Looking for a great application of systems of linear inequalities for your Algebra 1 or 2 class? Look no further than today’s GraphJam contribution:

You might just give this picture to students and ask THEM to come up with the equations of the three lines.

There’s also a nice discussion to be had here about inverse functions, or about intersecting lines. And there might also be a good discussion about the domain of reasonableness.

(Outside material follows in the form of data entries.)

lemma nth_eulerB_fps_symmetric:
  assumes "i \<le> n"
  shows "eulerB_fps n $ (n - i) = eulerB_fps n $ i"
proof -
  define f :: "nat \<Rightarrow> rat" where
    "f l = (-1) ^ l * of_nat (Suc n choose l) * (of_nat (2 * i + 1) - 2 * of_nat l) ^ n" for l
  have "(\<Sum>l\<le>Suc n. f l) = 0"
    unfolding f_def by (rule alternating_binomial_sum_power_eq_0) simp
  moreover have "(\<Sum>l\<le>Suc n. f l) = (\<Sum>l=0..i. f l) + (\<Sum>l=Suc i..Suc n. f l)"
    using sum.ub_add_nat[of 0 i f "Suc n - i"] assms by (simp add: atLeast0AtMost)
  moreover have "(\<Sum>l=0..i. f l) = eulerB_fps n $ i"
    unfolding nth_eulerB_fps f_def ..
  moreover have "(\<Sum>l=Suc i..Suc n. f l) = (\<Sum>j=0..n - i. f (j + Suc i))"
    using sum.shift_bounds_cl_nat_ivl[of f 0 "Suc i" "n - i"] assms by simp
  moreover have "\<dots> = - (eulerB_fps n $ (n - i))"
    unfolding nth_eulerB_fps' sum_negf[symmetric] f_def
    using assms by (intro sum.cong refl alternating_odd_power_term_reflect) auto
  ultimately show ?thesis
    by linarith
qed

lemma sum_B: "(\<Sum>k\<le>n. B n k) = 2 ^ n * fact n"
proof -
  have "(\<Sum>k\<le>n. B n k) = (\<Sum>i\<le>n. eulerB_fps n $ i)"
    using sum.atLeastAtMost_rev[of "\<lambda>i. eulerB_fps n $ i" 0 n]
    by (simp add: B_eq_nth_eulerB_fps atLeast0AtMost)
  also have "\<dots> = ((1 - fps_X) ^ n * odd_powers_fps n) $ n"
    by (simp only: power_Suc mult.assoc sum_fps_nth_one_minus_X_times)
  also have "\<dots> = (\<Sum>l\<le>n. (-1) ^ l * of_nat (n choose l) * (of_nat (2 * n + 1) - 2 * of_nat l) ^ n)"
    by (simp add: nth_one_minus_X_power_times_odd_powers_fps atLeast0AtMost)
  also have "\<dots> = 2 ^ n * fact n"
    by (subst alternating_binomial_sum_power_eq_fact) (rule mult.commute)
  finally show ?thesis .
qed

definition eulerB_poly :: "nat \<Rightarrow> rat poly" where
  "eulerB_poly n = (\<Sum>k\<le>n. monom (B n k) k)"

lemma coeff_eulerB_poly: "coeff (eulerB_poly n) i = (if i \<le> n then B n i else 0)"
  by (simp add: eulerB_poly_def coeff_sum coeff_monom)

lemma fps_of_eulerB_poly: "fps_of_poly (eulerB_poly n) = eulerB_fps n"
proof (rule fps_ext)
  fix i
  show "fps_of_poly (eulerB_poly n) $ i = eulerB_fps n $ i"
    by (cases "i \<le> n")
      (simp_all add: coeff_eulerB_poly B_eq_nth_eulerB_fps nth_eulerB_fps_symmetric nth_eulerB_fps_eq_0
        del: power_Suc)
qed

Here are the three functions:

$f_{\text{blue}}(x)=x$

$f_{\text{red}}(x)=\frac{1}{2}x+7$

$f_{\text{black}}(x)=2x-14$

This is especially interesting because I never think of the rule as putting boundaries on a person’s dating age range. Usually people talk about it in the context of “how old of a person can I date?” not “how young of a person can I date?” Or rather, if you’re asking the second question, it’s usually phrased “how young of a person can date me?” (All of these questions relate to functions and their inverses!) But in fact, the half-your-age-plus-seven rule puts a lower and and upper bound on the ages of those you can date.

As far as reasonableness, is it fair to say that my daughter who is 1 can date someone who is between the age of -12 and 8.5? I don’t think so! I’m definitely going to be chasing off those -12 year-olds, I can already tell .

For my daughter, the domain of reasonableness might be $x\geq 18$!